### EXERCISE INSTRUCTIONS
In the entries below, find every line with the string "interval" and copy it.

### ENTRIES PROVIDED
(* Let $f:\mathbb{N}^*\to\mathbb{N}^*$ and let $G$ be an $n$-vertex median graph in $\mathcal{U}_f$ with $f(n)\ge 2$. Then there exists a unique vertex $v_0$ of $G$ such that, for every $\Theta$-class $E_i$ of $G$, $v_0$ belongs to the majority halfspace of $E_i$ (the halfspace of strictly larger cardinality).
   Context: Graphs are finite, simple, connected and undirected; a graph is median if for every triple $x,y,z$ of vertices, $I(x,y)\cap I(y,z)\cap I(z,x)$ is a single vertex, where $I(u,v)=\{x: d(u,x)+d(x,v)=d(u,v)\}$. Two edges $uv$, $xy$ are in relation $\Theta_0$ if $u,v,y,x$ form a 4-cycle in which $uv$ and $xy$ are opposite; $\Theta$ is the reflexive–transitive closure of $\Theta_0$ and its classes are the $\Theta$-classes. In a median graph, deleting a $\Theta$-class $E_i$ leaves exactly two connected components with vertex sets $H_i',H_i''$ (the halfspaces). Given $f:\mathbb{N}^*\to\mathbb{N}^*$, a $\Theta$-class $E_i$ of a graph with $n$ vertices is $f$-balanced if $\min\{|H_i'|,|H_i''|\}\ge n/f(n)$, and $f$-unbalanced otherwise. $\mathcal{U}_f$ is the family of median graphs all of whose $\Theta$-classes are $f$-unbalanced. *)

theory Defs
  imports Complex_Main
begin

definition graph :: "'a set \<Rightarrow> ('a \<Rightarrow> 'a \<Rightarrow> bool) \<Rightarrow> bool" where
  "graph V adj \<longleftrightarrow> finite V \<and> V \<noteq> {} \<and>
     (\<forall>x y. adj x y \<longrightarrow> x \<in> V \<and> y \<in> V) \<and>
     (\<forall>x y. adj x y \<longrightarrow> adj y x) \<and> (\<forall>x. \<not> adj x x) \<and>
     (\<forall>x\<in>V. \<forall>y\<in>V. adj\<^sup>*\<^sup>* x y)"

definition gdist :: "('a \<Rightarrow> 'a \<Rightarrow> bool) \<Rightarrow> 'a \<Rightarrow> 'a \<Rightarrow> nat" where
  "gdist adj u v = (LEAST k. (adj ^^ k) u v)"

definition interval :: "'a set \<Rightarrow> ('a \<Rightarrow> 'a \<Rightarrow> bool) \<Rightarrow> 'a \<Rightarrow> 'a \<Rightarrow> 'a set" where
  "interval V adj u v = {x\<in>V. gdist adj u x + gdist adj x v = gdist adj u v}"

definition median_graph :: "'a set \<Rightarrow> ('a \<Rightarrow> 'a \<Rightarrow> bool) \<Rightarrow> bool" where
  "median_graph V adj \<longleftrightarrow> graph V adj \<and>
     (\<forall>x\<in>V. \<forall>y\<in>V. \<forall>z\<in>V.
        (\<exists>!m. m \<in> interval V adj x y \<inter> interval V adj y z \<inter> interval V adj z x))"

definition edges :: "('a \<Rightarrow> 'a \<Rightarrow> bool) \<Rightarrow> 'a set set" where
  "edges adj = {{u, v} | u v. adj u v}"
lemma gate_count_concat_map:
  "distinct ks \<Longrightarrow> gate_count (concat (map f ks)) = (\<Sum>k\<in>set ks. gate_count (f k))"
  by (induction ks) (simp_all add: gate_count_def)

lemma gate_count_column_layers:
  assumes "distinct ks"
  shows "gate_count (concat (map (\<lambda>k. [column_layer L k]) ks)) \<le> L * L"
proof -
  have "gate_count (concat (map (\<lambda>k. [column_layer L k]) ks)) = (\<Sum>k\<in>set ks. card {t \<in> sites L. fst t = k})"
    using assms by (subst gate_count_concat_map) (simp_all add: gate_count_def column_layer_def length_cnot_layer)
  also have "\<dots> \<le> L * L"
    using sum_card_disjoint_le[of "sites L" "set ks" "\<lambda>k. k" fst] by (simp add: card_sites)
  finally show ?thesis .
qed

lemma gate_count_block_stage: "gate_count (block_stage L ws) \<le> 28 * (L * L)"
proof -
  have "length l \<le> L * L" if "l \<in> set (block_stage L ws)" for l
    using that card_mono[OF finite_sites, of "{t \<in> sites L. _ t}"]
    by (auto simp: block_stage_def block_gadget_def length_cnot_layer length_cz_layer card_sites)
  then have "gate_count (block_stage L ws) \<le> (\<Sum>l\<leftarrow>block_stage L ws. L * L)"
    unfolding gate_count_def by (intro sum_list_mono)
  then show ?thesis by (simp add: sum_list_triv block_stage_def block_gadget_def)
qed
text \<open>Layer-cake estimate along the dyadic levels \<open>f < 2\<^sup>-\<^sup>k\<close>: each level contributes \<open>c / 2\<close>.\<close>
lemma (in prob_space) nn_integral_inverse_ge:
  assumes f: "f \<in> borel_measurable M" and pos: "AE \<omega> in M. 0 < f \<omega>" and "0 < c"
    and small: "\<And>\<epsilon>. 0 < \<epsilon> \<Longrightarrow> \<epsilon> \<le> 1 \<Longrightarrow> c * \<epsilon> \<le> prob {\<omega> \<in> space M. f \<omega> < \<epsilon>}"
  shows "ennreal (real N * (c / 2)) \<le> (\<integral>\<^sup>+\<omega>. ennreal (1 / f \<omega>) \<partial>M)"
proof -
  define E where "E k = {\<omega> \<in> space M. f \<omega> < 1 / 2 ^ Suc k}" for k
  have E[measurable]: "E k \<in> events" for k unfolding E_def using f by measurable
  have "ennreal (2 ^ k) * ennreal (c / 2 ^ Suc k) = ennreal (c / 2)" for k
    using \<open>0 < c\<close> by (simp add: ennreal_mult[symmetric])
  then have "(\<Sum>k<N. ennreal (2 ^ k) * ennreal (c / 2 ^ Suc k)) = of_nat N * ennreal (c / 2)"
    by simp
  moreover have "ennreal (real N * (c / 2)) = of_nat N * ennreal (c / 2)"
    by (subst ennreal_mult') (simp_all add: ennreal_of_nat_eq_real_of_nat)
  ultimately have "ennreal (real N * (c / 2)) = (\<Sum>k<N. ennreal (2 ^ k) * ennreal (c / 2 ^ Suc k))"
    by simp
  also have "\<dots> \<le> (\<Sum>k<N. ennreal (2 ^ k) * emeasure M (E k))"
  proof (intro sum_mono mult_left_mono)
    fix k
    have "1 \<le> (2::real) ^ Suc k" by (rule one_le_power) simp
    then have "c * (1 / 2 ^ Suc k) \<le> prob (E k)" unfolding E_def by (intro small) simp_all
    then show "ennreal (c / 2 ^ Suc k) \<le> emeasure M (E k)" by (simp add: emeasure_eq_measure)
  qed simp
  also have "\<dots> = (\<Sum>k<N. \<integral>\<^sup>+\<omega>. ennreal (2 ^ k) * indicator (E k) \<omega> \<partial>M)"
    by (rule sum.cong) (simp_all add: nn_integral_cmult_indicator)
  also have "\<dots> = (\<integral>\<^sup>+\<omega>. (\<Sum>k<N. ennreal (2 ^ k) * indicator (E k) \<omega>) \<partial>M)"
    by (rule nn_integral_sum[symmetric]) simp
  also have "\<dots> \<le> (\<integral>\<^sup>+\<omega>. ennreal (1 / f \<omega>) \<partial>M)"
  proof (rule nn_integral_mono_AE, use pos in eventually_elim)
    fix \<omega> assume "0 < f \<omega>"
    have "(\<Sum>k<N. ennreal (2 ^ k) * indicator (E k) \<omega>) \<le>
        (\<Sum>k<N. ennreal (if f \<omega> < 1 / 2 ^ Suc k then 2 ^ k else 0))"
      by (intro sum_mono) (simp add: E_def indicator_def)
    also have "\<dots> = ennreal (\<Sum>k<N. if f \<omega> < 1 / 2 ^ Suc k then 2 ^ k else 0)"
      by (rule sum_ennreal) simp
    also have "\<dots> \<le> ennreal (1 / f \<omega>)"
      by (intro ennreal_leI sum_dyadic_indicator_le_inverse \<open>0 < f \<omega>\<close>)
    finally show "(\<Sum>k<N. ennreal (2 ^ k) * indicator (E k) \<omega>) \<le> ennreal (1 / f \<omega>)" .
  qed
  finally show ?thesis .
qed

### ANSWER TO THE EXERCISE
definition interval :: "'a set \<Rightarrow> ('a \<Rightarrow> 'a \<Rightarrow> bool) \<Rightarrow> 'a \<Rightarrow> 'a \<Rightarrow> 'a set" where
  "interval V adj u v = {x\<in>V. gdist adj u x + gdist adj x v = gdist adj u v}"
        (\<exists>!m. m \<in> interval V adj x y \<inter> interval V adj y z \<inter> interval V adj z x))"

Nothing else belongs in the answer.